Throughout the country, hundreds of public and private programs already provide some assistance to consumers who can't afford their prescriptions. But finding out about the programs and accessing them can be a daunting bureaucratic task for doctors, let alone consumers.
The new program establishes a Web site and calling centers to match consumers with the program that best suits their needs. The drug manufacturers' partnership is spending $10 million to promote the campaign. It took out full-page advertisements Tuesday in several large newspapers and will also air television ads.
In addition, more than $20 million will have been spent developing the program and running three call centers through the end of June, the program's organizers said.
Drug manufacturers have been criticized for their opposition to legislation designed to reduce the cost of prescriptions through such measures as allowing drugs made in the United States to be imported from countries where the drug is available at a lower cost.
"This is serious business. This is going to be very expensive for the companies, but they're willing to make this commitment to save the free-market system in America," said Billy Tauzin, a former House committee chairman who is now president and CEO of the Pharmaceutical Research and Manufacturers of America.
Consumers can access the Partnership for Prescription Assistance program by calling a toll free number - 1-888-477-2669, or through the Internet at http://www.pparx.org.
Ron Pollack, executive director of Families USA, an advocacy group that is often at odds with drug manufacturers, said some charitable programs offered by the drug companies are helpful to consumers. Others are marketing tools designed to build allegiance to a specific drug.
"It clearly is a public relations response to the widespread criticism concerning the skyrocketing prices that the drug companies continue to charge and to put as warm a face as possible on these growing problems," Pollack said. "How much of this will result in meaningful help to the people priced out of their medicines and how much of this results only in window-dressing is as yet unclear."
The federal government will provide prescription drug coverage next year for the first time under Medicare, but Tauzin said millions of uninsured Americans will still need help paying for their medicine. The program will probably expand in coming years, even with the new government benefit, he said.
Some Democratic lawmakers were not impressed with the new program.
"Helping a subset of the public navigate a patchwork of assistance programs is not a solution, it's a stalling tactic," said Rep. Sherrod Brown, D-Ohio. "The best way to help Americans is to charge us fair prices in the first place."
"The effort of the pharmaceutical companies is helpful, but insufficient," said Rep. John D. Dingell of Michigan, the senior Democrat on the Energy and Commerce Committee.
Sen. Charles Grassley, R-Iowa, chairman of the Senate Finance Committee, gave the program a lukewarm endorsement.

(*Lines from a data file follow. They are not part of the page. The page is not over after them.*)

(* Let $\mathbf b\in\mathcal B$ and $u\in M$ with $u-\mathbf b\in\mathbb Z A_+$, and write $\mathbf b=\sum_{j=1}^mv_j\mathbf a_j$ with $v_j\in[0,1)$. Let $s_0\in\{0,1,\dots,\ell_0-1\}$ be the unique element with $u+s_0\mathbf a_0\equiv\mathbf b\pmod{\mathbb ZA}$ and let $s_1,\dots,s_m\in\mathbb Z$ be the unique integers with $u+s_0\mathbf a_0=\mathbf b-\sum_{j=1}^ms_j\mathbf a_j$. Then \[G^{(\mathbf b)}_u(\lambda)=\Big(\prod_{j=1}^m[-v_j]_{s_j}\prod_{j=1}^m\ell_j^{s_j}\Big)\frac{(-\ell_0)^{s_0}}{s_0!}F^{(\mathbf b)}_u(\lambda),\] where \[F^{(\mathbf b)}_u(\lambda)=\lambda^{s_0}\sum_{s=0}^\infty\frac{\prod_{j=1}^m\prod_{\sigma=0}^{\ell_j-1}\big(\frac{v_j-s_j+\sigma}{\ell_j}\big)_s}{\prod_{t=1}^{\ell_0}\big(\frac{s_0+t}{\ell_0}\big)_s}\lambda^{s\ell_0}.\]
   Context: Let $A=\{\mathbf a_1,\dots,\mathbf a_m\}\subseteq\mathbb Z^n$ be linearly independent over $\mathbb R$, $\mathbf a_0\in\mathbb Z^n$, and $\ell_0,\ell_1,\dots,\ell_m$ positive integers with gcd $1$ such that $\ell_0\mathbf a_0=\sum_{j=1}^m\ell_j\mathbf a_j$ and $\ell_0=\sum_{j=1}^m\ell_j$. Put $A_+=A\cup\{\mathbf a_0\}$; $\mathbb ZA$ and $\mathbb ZA_+$ denote the subgroups of $\mathbb Z^n$ generated by $A$, $A_+$. Let $V$ be the real span of $A$, $V_{\mathbb Z}=V\cap\mathbb Z^n$, $C(A)$ the closed real cone generated by $A$, $M=V_{\mathbb Z}\cap C(A)$. Let $P(A)=\{\sum_jc_j\mathbf a_j:0\le c_j<1\}$ and $\mathcal B=V_{\mathbb Z}\cap P(A)$. Pochhammer symbol: $(a)_s=a(a+1)\cdots(a+s-1)$, $(a)_0=1$. For $z\in\mathbb C$, $l\in\mathbb Z$: $[z]_0=1$, $[z]_l=1/((z+1)\cdots(z+l))$ for $l>0$, $[z]_l=z(z-1)\cdots(z+l+1)$ for $l<0$. For $\mathbf b=\sum_jv_j\mathbf a_j\in\mathcal B$ ($v_j\in[0,1)$) and $u\in M$, let $g^{(\mathbf b)}_u=\prod_{j=1}^m[-v_j]_{s_j}\ell_j^{s_j}$ if $u=\sum_j(v_j-s_j)\mathbf a_j$ with all $s_j\in\mathbb Z_{\le0}$, and $g^{(\mathbf b)}_u=0$ otherwise; and $G^{(\mathbf b)}_u(\lambda)=\sum_{s\ge0}g^{(\mathbf b)}_{u+s\mathbf a_0}\frac{(-\ell_0\lambda)^s}{s!}\in\mathbb C[[\lambda]]$. *)

theory Defs
  imports "HOL-Analysis.Analysis" "HOL-Computational_Algebra.Formal_Power_Series"
begin

definition rvec :: "int ^ 'n \<Rightarrow> real ^ 'n" where
  "rvec x = (\<chi> i. of_int (x $ i))"

definition bracket :: "complex \<Rightarrow> int \<Rightarrow> complex" where
  "bracket z l =
     (if l \<ge> 0 then inverse (\<Prod>k=1..nat l. z + of_nat k)
      else (\<Prod>k<nat (-l). z - of_nat k))"

text \<open>The coefficient g^(b)_w, where b = sum_j v_j a_j (j = 1..m).
  The representation w = sum_j (v_j - t_j) a_j is unique by linear independence.\<close>
definition gcoef :: "(nat \<Rightarrow> int ^ 'n) \<Rightarrow> (nat \<Rightarrow> nat) \<Rightarrow> nat \<Rightarrow> (nat \<Rightarrow> real)
                      \<Rightarrow> int ^ 'n \<Rightarrow> complex" where
  "gcoef a l m v w =
     (if \<exists>t::nat \<Rightarrow> int. (\<forall>j\<in>{1..m}. t j \<le> 0) \<and>
            rvec w = (\<Sum>j=1..m. (v j - of_int (t j)) *\<^sub>R rvec (a j))
      then (let t = (SOME t::nat \<Rightarrow> int. (\<forall>j\<in>{1..m}. t j \<le> 0) \<and>
            rvec w = (\<Sum>j=1..m. (v j - of_int (t j)) *\<^sub>R rvec (a j)))
            in (\<Prod>j=1..m. bracket (- complex_of_real (v j)) (t j) * (of_nat (l j)) powi (t j)))
      else 0)"

definition Gser :: "(nat \<Rightarrow> int ^ 'n) \<Rightarrow> (nat \<Rightarrow> nat) \<Rightarrow> nat \<Rightarrow> (nat \<Rightarrow> real)
                      \<Rightarrow> int ^ 'n \<Rightarrow> complex fps" where
  "Gser a l m v u = Abs_fps (\<lambda>s. gcoef a l m v (u + int s *s a 0)
                                   * (- of_nat (l 0)) ^ s / fact s)"

definition Fcoef :: "(nat \<Rightarrow> nat) \<Rightarrow> nat \<Rightarrow> (nat \<Rightarrow> real) \<Rightarrow> nat \<Rightarrow> (nat \<Rightarrow> int) \<Rightarrow> nat \<Rightarrow> complex" where
  "Fcoef l m v s0 s k =
     (\<Prod>j=1..m. \<Prod>\<sigma><l j. pochhammer ((complex_of_real (v j) - of_int (s j) + of_nat \<sigma>) / of_nat (l j)) k)
     / (\<Prod>t=1..l 0. pochhammer ((of_nat s0 + of_nat t) / of_nat (l 0)) k)"

definition Fser :: "(nat \<Rightarrow> nat) \<Rightarrow> nat \<Rightarrow> (nat \<Rightarrow> real) \<Rightarrow> nat \<Rightarrow> (nat \<Rightarrow> int) \<Rightarrow> complex fps" where
  "Fser l m v s0 s = fps_X ^ s0 *
     Abs_fps (\<lambda>k. if l 0 dvd k then Fcoef l m v s0 s (k div l 0) else 0)"

end

theory Submission
  imports Defs
begin

(* Since l_0 a_0 = sum_j l_j a_j, the coordinates of u + k a_0 in the basis A are
   v_j - s_j + (k - s_0) l_j / l_0.  Hence g_{u + k a_0} can only be nonzero if l_0 divides
   (k - s_0) l_j for every j, which by gcd(l_0, ..., l_m) = 1 and 0 <= s_0 < l_0 means
   k = s_0 + r l_0 with r >= 0; the exponents s_j - r l_j are then <= 0 because u in C(A)
   forces s_j <= 0.  On this progression Gauss' multiplication formula
   (x)_{l r} = l^{l r} prod_{sigma < l} ((x + sigma) / l)_r splits both [-v_j]_{s_j - r l_j}
   and (s_0 + r l_0)!; the powers l_j^{r l_j} and l_0^{r l_0} this produces cancel against
   l_j^{s_j - r l_j} and (-l_0)^{s_0 + r l_0}, and the signs (-1)^{r l_j} multiply to
   (-1)^{r l_0} because sum_j l_j = l_0. *)

lemma rvec_add: "rvec (x + y) = rvec x + rvec y"
  by (simp add: rvec_def vec_eq_iff)

lemma rvec_diff: "rvec (x - y) = rvec x - rvec y"
  by (simp add: rvec_def vec_eq_iff)

lemma rvec_sum: "rvec (sum f S) = (\<Sum>i\<in>S. rvec (f i))"
  by (simp add: rvec_def vec_eq_iff)

lemma rvec_scaleR: "rvec (c *s x) = of_int c *\<^sub>R rvec x"
  by (simp add: rvec_def vec_eq_iff)

lemma independent_coeffs_unique:
  fixes A :: "'i \<Rightarrow> 'v::real_vector"
  assumes "finite S" "inj_on A S" "independent (A ` S)"
    and "(\<Sum>i\<in>S. c i *\<^sub>R A i) = (\<Sum>i\<in>S. d i *\<^sub>R A i)" and "j \<in> S"
  shows "c j = d j"
proof -
  define g where "g x = c (inv_into S A x) - d (inv_into S A x)" for x
  have "(\<Sum>x\<in>A ` S. g x *\<^sub>R x) = (\<Sum>i\<in>S. (c i - d i) *\<^sub>R A i)"
    using assms(2) by (simp add: sum.reindex g_def cong: sum.cong)
  also have "\<dots> = 0" using assms(4) by (simp add: scaleR_diff_left sum_subtractf)
  finally have "g (A j) = 0"
    using independentD[OF assms(3)] assms(1,5) by blast
  then show ?thesis using assms(2,5) by (simp add: g_def)
qed

lemma dvd_if_dvd_mult_all_Gcd_eq_1:
  fixes f :: "'i \<Rightarrow> 'a::semiring_Gcd"
  assumes "\<And>j. j \<in> J \<Longrightarrow> n dvd d * f j" and "Gcd (f ` J) = 1"
  shows "n dvd d"
proof -
  have "n dvd Gcd ((*) d ` f ` J)" using assms(1) by (auto intro!: Gcd_greatest)
  also have "\<dots> = normalize d" by (simp add: Gcd_mult assms(2))
  finally show ?thesis by simp
qed

lemma bracket_uminus_nonpos:
  "s \<le> 0 \<Longrightarrow> bracket (-w) s = (-1) ^ nat (-s) * pochhammer w (nat (-s))"
proof -
  assume "s \<le> 0"
  have "(\<Prod>k<nat (-s). -w - of_nat k) = (\<Prod>k<nat (-s). -1 * (w + of_nat k))"
    by (intro prod.cong) auto
  also have "\<dots> = (-1) ^ nat (-s) * pochhammer w (nat (-s))"
    by (simp only: prod.distrib prod_constant card_lessThan) (simp add: pochhammer_prod atLeast0LessThan)
  finally show ?thesis using \<open>s \<le> 0\<close> by (cases "s = 0") (auto simp: bracket_def)
qed

lemma bracket_diff_nat:
  assumes "s \<le> 0"
  shows "bracket (-w) (s - int n) = bracket (-w) s * (-1) ^ n * pochhammer (w - of_int s) n"
proof -
  have "nat (-(s - int n)) = nat (-s) + n" using assms by simp
  moreover have "w + of_nat (nat (-s)) = w - of_int s" using assms by simp
  ultimately show ?thesis using assms
    by (simp add: bracket_uminus_nonpos pochhammer_product' power_add)
qed

lemma pochhammer_mult_eq_prod:
  fixes z :: "'a::field_char_0"
  assumes "l > 0"
  shows "pochhammer z (l * r) =
           of_nat l ^ (l * r) * (\<Prod>\<sigma><l. pochhammer ((z + of_nat \<sigma>) / of_nat l) r)"
proof (induction r)
  case 0
  then show ?case by simp
next
  case (Suc r)
  have "(\<Prod>\<sigma><l. (z + of_nat \<sigma>) / of_nat l + of_nat r) =
        (\<Prod>\<sigma><l. (z + of_nat (l * r) + of_nat \<sigma>)) / of_nat l ^ l"
    using assms by (simp add: prod_dividef field_simps)
  also have "\<dots> = pochhammer (z + of_nat (l * r)) l / of_nat l ^ l"
    by (simp add: pochhammer_prod atLeast0LessThan)
  finally have last_block: "pochhammer (z + of_nat (l * r)) l =
      of_nat l ^ l * (\<Prod>\<sigma><l. (z + of_nat \<sigma>) / of_nat l + of_nat r)"
    using assms by simp
  have "pochhammer z (l * Suc r) = pochhammer z (l * r) * pochhammer (z + of_nat (l * r)) l"
    using pochhammer_product'[of z "l * r" l] by (simp add: add.commute)
  also have "\<dots> = of_nat l ^ (l * Suc r) * (\<Prod>\<sigma><l. pochhammer ((z + of_nat \<sigma>) / of_nat l) (Suc r))"
    unfolding Suc.IH last_block by (simp add: pochhammer_Suc prod.distrib power_add mult_ac)
  finally show ?case .
qed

"The drug industry is right to recognize that many Americans don't know where to turn for help with skyrocketing prescription drug costs. I don't know how much this program will help, but surely it can't hurt," Grassley said. "In the meantime, I'll continue to support drug importation as a way to cut costs for American consumers."
Dozens of organizations, such as Easter Seals, the United Way of America, and the American Academy of Family Physicians, are listed as partners with the drug manufacturers in the new program. The manufacturers, however, provide the financing.
Dr. Mary Frank, president of the Academy of Family Physicians, said she had no idea so many programs existed in the public and private sector to help patients afford their medicine. The partnership puts 1,200 medications, including generics, under one access point, she said.
"This will give our patients access to so many more (medicines)," she said.
Miles White, CEO of Abbot Laboratories, said drug companies decided about 18 months ago that they needed to alter their agenda from advocacy to solving problems of affordability. Their answer was a clearinghouse designed to eliminate so much of the confusion about the myriad programs available to the poor as well as to those suffering from a specific type of disease.
Tauzin said the companies would continue to oppose legislation that they believe would place less emphasis on free markets and more emphasis on government price controls.
"The reason why PhRMA supports the free-market system is that it's the last bastion that rewards innovation," Tauzin said. "But we realize that if we're going to retain that system, we can't leave people out simply because they're impoverished."